Re: [PATCH v2] tree-optimization/110279- Check for nested FMA chains in reassoc

2023-07-11 Thread Philipp Tomsich
Jakub,

it looks like you did a lot of work on reassoc in the past — could you
have a quick look and comment?

Thanks,
Philipp.


On Tue, 11 Jul 2023 at 04:59, Di Zhao OS  wrote:
>
> Attached is an updated version of the patch.
>
> Based on Philipp's review, some changes:
>
> 1. Defined new enum fma_state to describe the state of FMA candidates
>for a list of operands. (Since the tests seems simple after the
>change, I didn't add predicates on it.)
> 2. Changed return type of convert_mult_to_fma_1 and convert_mult_to_fma
>to tree, to remove the in/out parameter.
> 3. Added description of return value values of rank_ops_for_fma.
>
> ---
> gcc/ChangeLog:
>
> * tree-ssa-math-opts.cc (convert_mult_to_fma_1): Added new parameter
> check_only_p.
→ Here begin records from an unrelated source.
(* LIFO: b' is still on the working stack after pop p + 1, hence so is everything below it *)
lemma block_bottom_waits:
  assumes "v \<in> set (work_stack xs i) \<or> (b' \<le> v \<and> v \<le> pushed xs (Suc i))"
  shows "v \<notin> set (out_stack xs (Suc p))"
proof -
  let ?t = "pushed xs i" and ?L = "pushed xs (Suc i)"
  have w: "work_stack xs (Suc i) = [?t + 1..<b'] @ [b'..<?L + 1] @ work_stack xs i"
    using work_stack_after_push b' upt_split[of "?t + 1" b' "?L + 1"] by simp
  obtain S where S: "sublist S (work_stack xs (Suc i))" "S \<noteq> []" "hd S = b'" "last S = v"
  proof (cases "v \<in> set (work_stack xs i)")
    case True
    then obtain u z where "work_stack xs i = u @ v # z"
      by (meson split_list)
    then have "work_stack xs (Suc i) = [?t + 1..<b'] @ ([b'..<?L + 1] @ u @ [v]) @ z"
      using w by simp
    then have "sublist ([b'..<?L + 1] @ u @ [v]) (work_stack xs (Suc i))"
      by (simp only: sublist_appendI)
    moreover have "hd ([b'..<?L + 1] @ u @ [v]) = b'"
      using b' by (simp add: hd_upt)
    ultimately show ?thesis
      using that by simp
  next
    case False
    then have "b' \<le> v" and "v \<le> ?L"
      using assms by simp_all
    then have "work_stack xs (Suc i) = [?t + 1..<b'] @ [b'..<v + 1] @ ([v + 1..<?L + 1] @ work_stack xs i)"
      using w upt_split[of b' "v + 1" "?L + 1"] by simp
    then have "sublist [b'..<v + 1] (work_stack xs (Suc i))"
      by (simp only: sublist_appendI)
    then show ?thesis
      using that \<open>b' \<le> v\<close> by (simp add: hd_upt)
  qed
  show ?thesis
  proof
    assume "v \<in> set (out_stack xs (Suc p))"
    then have "b' \<in> set (out_stack xs (Suc p))"
      using out_stack_hd_if_last[OF wf _ _ S(1,2)] S(3,4) order by simp
    then show False
      using mem_support_pop(2)[OF wf _ pop_Suc_p] order by simp
  qed
qed

lemma gap_elem_output: "y \<notin> set (out_stack xs p)" "y \<in> set (out_stack xs (Suc p))"
  using mem_support_pop(2,3)[OF wf _ pop_p] order by simp_all

lemma gap_elem_in_produced: "y \<in> set (produced xs)"
  using gap_elem_output(2) set_out_stack_subset_produced[of "Suc p" xs] order by auto

lemma below_block_waits:
  assumes "1 \<le> v" and "v \<le> pushed xs i" and "v \<notin> set (out_stack xs i)"
  shows "v \<notin> set (out_stack xs (Suc p))"
proof -
  have "v \<in> set (work_stack xs i @ out_stack xs i)"
    using stacks_distinct_set(2)[OF wf, of i] i assms(1,2) by simp
  then show ?thesis
    using block_bottom_waits assms(3) by simp
qed

lemma gap_elem_above_block: "pushed xs (Suc i) < y"
proof (rule ccontr)
  assume "\<not> ?thesis"
  then have "y \<le> pushed xs i"
    using y by simp
  moreover have "1 \<le> y"
    using gap_elem_in_produced set_produced[OF wf] by simp
  moreover have "y \<notin> set (out_stack xs i)"
    using gap_elem_output(1) set_out_stack_mono[of i p xs] order by auto
  ultimately show False
    using below_block_waits gap_elem_output(2) by blast
qed

lemma index_gap_elem:
  defines "P \<equiv> produced xs"
  shows "index P (pushed xs (Suc i)) < index P y"
    and "index P y < index P (pushed xs i + 1)"
    and "index P y < index P (pushed xs (Suc i) + 1)"
    and "1 \<le> pushed xs i \<Longrightarrow> pushed xs i \<notin> set (out_stack xs i) \<Longrightarrow> index P (pushed xs i) < index P y"
proof -
  have p: "p \<le> length xs" "Suc p \<le> length xs"
    using order by simp_all
  have "pushed xs (Suc i) \<in> set P"
    using b b' set_produced[OF wf] pushed_le_size[of xs "Suc i"] by (simp add: P_def)
  then show "index P (pushed xs (Suc i)) < index P y"
    using index_less_if_out_stack[OF wf p(2) gap_elem_output(2)] block_bottom_waits b' by (simp add: P_def)
  show "index P y < index P (pushed xs i + 1)" and "index P y < index P (pushed xs (Suc i) + 1)"
    using index_less_if_out_stack[OF wf p(1) _ gap_elem_in_produced gap_elem_output(1)] block_top_output
    by (simp_all add: P_def)
  assume "1 \<le> pushed xs i" and "pushed xs i \<notin> set (out_stack xs i)"
  moreover have "pushed xs i \<in> set P"
    using \<open>1 \<le> pushed xs i\<close> set_produced[OF wf] pushed_le_size[of xs i] by (simp add: P_def)
  ultimately show "index P (pushed xs i) < index P y"
    using index_less_if_out_stack[OF wf p(2) gap_elem_output(2)] below_block_waits by (simp add: P_def)
qed

end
Changed return type to tree.
> (struct fma_transformation_info): Moved to header.
> (class fma_deferring_state): Moved to header.
> (convert_mult_to_fma): Added new parameter check_only_p. Changed
> return type to tree.
> * tree-ssa-math-opts.h (struct fma_transformation_info): Moved from 
> .cc.
> (class fma_deferring_state): Moved from .cc.
> (convert_mult_to_fma): Add function decl.
> * tree-ssa-reassoc.cc (enum fma_state): Defined new enum to describe
> the state of FMA candidates for a list of operands.
> (rewrite_expr_tree_parallel): Changed boolean parameter to enum type.
> (rank_ops_for_fma): Return enum fma_state.
> (reassociate_bb): Avoid rewriting to parallel if nested FMAs are 
> found.
>
> Thanks,
> Di Zhao
>
>